The Cannon Power Shot A530 is a very good digital camera. I have taken some surprisingly good pictures with mine without half trying.


----------



## Dani 187 (Oct 10, 2008)

Everyday they make a cooler better camera and you can start to get really good stuff for a really good price. Just take some time out to research a couple of different brands and makes. They all have different qualities to them.


----------



## OldTXCop (Oct 9, 2008)

It really depends on what you are looking for. I recently bought my wife a Kodak M763. It's about the size of a pack of cigarettes. I takes excellent pics and was around $100. She wanted a small camera to carry in her purse. This is her second Kodak digital camera. 

Her big camera, is a Kodak DX model, I don't remember the number. It's more like a SLR camera with a 20x optical zoom, sequential frame modes, high speed modes for sporting events, etc... She got that one for pics of our sons high school baseball games. She's taken more than 40,000 pics in the last 2 years with it. Never a problem

The sofware is super easy to use.


----------



## CherokeeCat (Oct 28, 2008)

You can't go wrong with Nikon or Canon...

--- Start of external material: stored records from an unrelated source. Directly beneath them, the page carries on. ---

lemma alen_int_double_le: "alen_int (2 * x) \<le> 2 + alen_int x"
  using alen_double_le[of "nat \<bar>x\<bar>"] by (simp add: alen_int_def abs_mult nat_mult_distrib)

lemma alen_int_le_mult_pow2: "alen_int x \<le> alen_int (x * 2 ^ s)"
proof (induction s)
  case (Suc s)
  then show ?case
    using alen_le_double[of "nat \<bar>x * 2 ^ s\<bar>"]
    by (simp add: alen_int_def abs_mult nat_mult_distrib mult_ac)
qed simp

section \<open>Signed binary expansions\<close>

fun digits_val :: "int list \<Rightarrow> int" where
  "digits_val [] = 0"
| "digits_val (d # ds) = d + 2 * digits_val ds"

definition digits_cost :: "int list \<Rightarrow> int" where
  "digits_cost ds = (\<Sum>d\<leftarrow>ds. \<bar>d\<bar>)"

lemma digits_cost_Nil [simp]: "digits_cost [] = 0"
  and digits_cost_Cons [simp]: "digits_cost (d # ds) = \<bar>d\<bar> + digits_cost ds"
  and digits_cost_append_0 [simp]: "digits_cost (ds @ [0]) = digits_cost ds"
  by (simp_all add: digits_cost_def)

lemma digits_val_append_0 [simp]: "digits_val (ds @ [0]) = digits_val ds"
  by (induction ds) auto

lemma digits_val_update:
  "i < length ds \<Longrightarrow> digits_val (ds[i := ds ! i + e]) = digits_val ds + e * 2 ^ i"
  by (induction ds arbitrary: i) (auto simp: algebra_simps split: nat.split)

lemma digits_cost_update:
  "i < length ds \<Longrightarrow> digits_cost (ds[i := ds ! i + e]) \<le> digits_cost ds + \<bar>e\<bar>"
  by (induction ds arbitrary: i) (auto simp: abs_triangle_ineq split: nat.split)

(* Horner's scheme: the word a^d0 t a^d1 t ... t a^dr t^-r represents
   a^(digits_val [d0, ..., dr]). *)
lemma alen_int_digits_val_le:
  "ds \<noteq> [] \<Longrightarrow> int (alen_int (digits_val ds)) \<le> digits_cost ds + 2 * (int (length ds) - 1)"
proof (induction ds)
  case (Cons d ds)
  show ?case
  proof (cases "ds = []")
    case True
    then show ?thesis using alen_int_le_abs[of d] by simp
  next
    case False
    have "int (alen_int (d + 2 * digits_val ds)) \<le> int (alen_int (2 * digits_val ds)) + \<bar>d\<bar>"
      using alen_int_add_le[of "2 * digits_val ds" d] by (simp add: add.commute)
    also have "\<dots> \<le> 2 + int (alen_int (digits_val ds)) + \<bar>d\<bar>"
      using alen_int_double_le[of "digits_val ds"] by simp
    finally show ?thesis using Cons.IH[OF False] by simp
  qed
qed simp

lemma bs_mult_Pair [simp]: "bs_mult (x, k) (y, l) = (x + 2 powi k * y, k + l)"
  by (simp add: bs_mult_def)

lemma bs_mult_assoc: "bs_mult (bs_mult g h) f = bs_mult g (bs_mult h f)"
  by (simp add: bs_mult_def power_int_add algebra_simps)

lemma bs_mult_zero_left [simp]: "bs_mult (0, 0) g = g"
  by (cases g) simp

lemma bs_gens_eq: "bs_gens = {(1, 0), (-1, 0), (0, 1), (0, -1)}"
  by (simp add: bs_gens_def gen_a_def gen_t_def bs_inv_def)

lemma word_eval_Nil [simp]: "word_eval [] = (0, 0)"
  by (simp add: word_eval_def bs_one_def)

lemma word_eval_Cons [simp]: "word_eval (s # w) = bs_mult s (word_eval w)"
  by (simp add: word_eval_def)

lemma word_eval_append: "word_eval (w @ v) = bs_mult (word_eval w) (word_eval v)"
  by (induction w) (simp_all add: bs_mult_assoc)

lemma word_eval_replicate_a: "word_eval (replicate n (1, 0)) = (of_nat n, 0)"
  by (induction n) simp_all

lemma word_eval_replicate_t: "word_eval (replicate n (0, j)) = (0, int n * j)"
  by (induction n) (simp_all add: algebra_simps)

definition t_pow_word :: "int \<Rightarrow> (rat \<times> int) list" where
  "t_pow_word l = (if 0 \<le> l then replicate (nat l) (0, 1) else replicate (nat (- l)) (0, -1))"

lemma t_pow_word_gens: "set (t_pow_word l) \<subseteq> bs_gens"
  by (auto simp: t_pow_word_def bs_gens_eq)

lemma word_eval_t_pow_word: "word_eval (t_pow_word l) = (0, l)"
  by (simp add: t_pow_word_def word_eval_replicate_t)

lemma bs_conj_Zhalf: "bs_mult (bs_mult (y, l) (x, 0)) (bs_inv (y, l)) = (2 powi l * x, 0)"
  by (simp add: bs_inv_def)

lemma word_conj_t_pow:
  assumes "set w \<subseteq> bs_gens" "word_eval w = (v, 0)"
  shows "\<exists>w'. set w' \<subseteq> bs_gens \<and> word_eval w' = (2 powi l * v, 0)"
proof (intro exI conjI)
  show "set (t_pow_word l @ w @ t_pow_word (- l)) \<subseteq> bs_gens"
    using assms(1) t_pow_word_gens by auto
  have "word_eval (t_pow_word l @ w @ t_pow_word (- l))
      = bs_mult (bs_mult (0, l) (v, 0)) (bs_inv (0, l))"
    using assms(2) by (simp add: word_eval_append word_eval_t_pow_word bs_mult_assoc bs_inv_def)
  then show "word_eval (t_pow_word l @ w @ t_pow_word (- l)) = (2 powi l * v, 0)"
    by (simp only: bs_conj_Zhalf)
qed

definition bs_flip :: "rat \<times> int \<Rightarrow> rat \<times> int" where
  "bs_flip g = (- fst g, snd g)"

lemma word_eval_map_bs_flip: "word_eval (map bs_flip w) = bs_flip (word_eval w)"
  by (induction w) (auto simp: bs_flip_def bs_mult_def)

lemma map_bs_flip_gens: "set w \<subseteq> bs_gens \<Longrightarrow> set (map bs_flip w) \<subseteq> bs_gens"
  by (auto simp: bs_gens_eq bs_flip_def)

lemma word_length_le: "set w \<subseteq> bs_gens \<Longrightarrow> word_eval w = g \<Longrightarrow> word_length g \<le> length w"
  unfolding word_length_def by (rule Least_le) auto

lemma le_word_length:
  assumes "set w \<subseteq> bs_gens" "word_eval w = g"
    and "\<And>w. set w \<subseteq> bs_gens \<Longrightarrow> word_eval w = g \<Longrightarrow> b \<le> length w"
  shows "b \<le> word_length g"
proof -
  have "\<exists>w'. length w' = word_length g \<and> set w' \<subseteq> bs_gens \<and> word_eval w' = g"
    unfolding word_length_def by (rule LeastI_ex) (use assms(1,2) in blast)
  then obtain w' where "length w' = word_length g" "set w' \<subseteq> bs_gens" "word_eval w' = g"
    by blast
  then show ?thesis using assms(3)[of w'] by simp
qed

lemma word_eval_conj_t: "word_eval w = (v, 0) \<Longrightarrow> word_eval ((0, 1) # w @ [(0, -1)]) = (2 * v, 0)"
  by (simp add: word_eval_append)

lemma exists_word_alen:
  "\<exists>w. set w \<subseteq> bs_gens \<and> length w = alen n \<and> word_eval w = (of_nat n, 0)"
proof (induction n rule: less_induct)
  case (less n)
  have direct: "\<exists>w. set w \<subseteq> bs_gens \<and> length w = n \<and> word_eval w = (of_nat n, 0)"
    by (intro exI[of _ "replicate n (1, 0)"]) (auto simp: bs_gens_eq word_eval_replicate_a)
  have double:
    "\<exists>w. set w \<subseteq> bs_gens \<and> length w = 2 + alen y \<and> word_eval w = (2 * of_nat y, 0)"
    if y_less: "y < n" for y
  proof -
    obtain w where w: "set w \<subseteq> bs_gens" "length w = alen y" "word_eval w = (of_nat y, 0)"
      using less[OF y_less] by blast
    show ?thesis
      by (intro exI[of _ "(0, 1) # w @ [(0, -1)]"])
        (use w(1,2) word_eval_conj_t[OF w(3)] in \<open>auto simp: bs_gens_eq\<close>)
  qed
  have double_shift:
    "\<exists>w. set w \<subseteq> bs_gens \<and> length w = 3 + alen y \<and> word_eval w = (e + 2 * of_nat y, 0)"
    if y_less: "y < n" and e: "e = 1 \<or> e = -1" for y e
  proof -
    obtain w where w: "set w \<subseteq> bs_gens" "length w = 2 + alen y" "word_eval w = (2 * of_nat y, 0)"
      using double[OF y_less] by blast
    then show ?thesis
      by (intro exI[of _ "(e, 0) # w"]) (use e in \<open>auto simp: bs_gens_eq\<close>)
  qed
  show ?case
  proof (cases n rule: nat_le_1_or_double_cases)
    case 1
    then have "alen n = n" by (cases n) auto
    then show ?thesis using direct by simp
  next
    case (2 y)
    then have "alen n = n \<or> alen n = 2 + alen y" by (auto simp: alen_even min_def)
    then show ?thesis using direct double[of y] 2 by auto
  next
    case (3 y)
    then have "alen n = n \<or> alen n = 3 + alen y \<or> alen n = 3 + alen (y + 1)"
      using alen_odd[of y] by (simp add: min_def)
    moreover have "(of_nat n :: rat) = 1 + 2 * of_nat y"
      and "(of_nat n :: rat) = -1 + 2 * of_nat (y + 1)"
      using 3 by simp_all
    ultimately show ?thesis
      using direct double_shift[of y 1] double_shift[of "y + 1" "-1"] 3 by auto
  qed
qed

Check out a review on just about any digital camera here.


----------



## JeepHammer (Oct 10, 2008)

The new Kodak line is out for christmas, and the old line is DIRT CHEAP at the discount stores if they have any left...
It's REAL HARD to go wrong with Kodak...


----------



## threadfather (Nov 6, 2008)

The amount of megapixels that are stored in the digital cameras has increased while prices have decreased leading to extremely cheap cameras with very good quality available on ebay just order by price, how many megapixels do you need anyway?


----------



## trillobite (Nov 7, 2008)

If it was me, I'd go for the camera with the most *optical* zoom, that was in my price range. Mine's a Kodak Z712, 7.1 megapixels, 12x optical zoom.
Set me back $350, but I'm sure the price has dropped. It takes pictures with enough detail, that it's indiscernable from a 35mm camera at any normal sizing. I wanted a lot of zoom, because I can't always get close enough for a good picture. Sometimes a river is in the way, and the park ranger frowns on driving across.
Oh, and get a camera that uses AA batteries. I think nearly all of them do, nowadays. Makes it really easy to find more batteries if yours goes dead.


----------



## northernontario (Oct 29, 2008)

Yes... some of the big things to look for in a digital camera if you're looking in the $100-$200 range... 
-optical zoom... more is better. Digital zoom is pointless, since you can just zoom in on the computer when you've uploaded it.
-AA battery capability is nice, saves having you buy spare battery packs.
-brand name... can't go wrong with any of the "big 5/6/7"... canon, olympus, fuji, kodak, etc. 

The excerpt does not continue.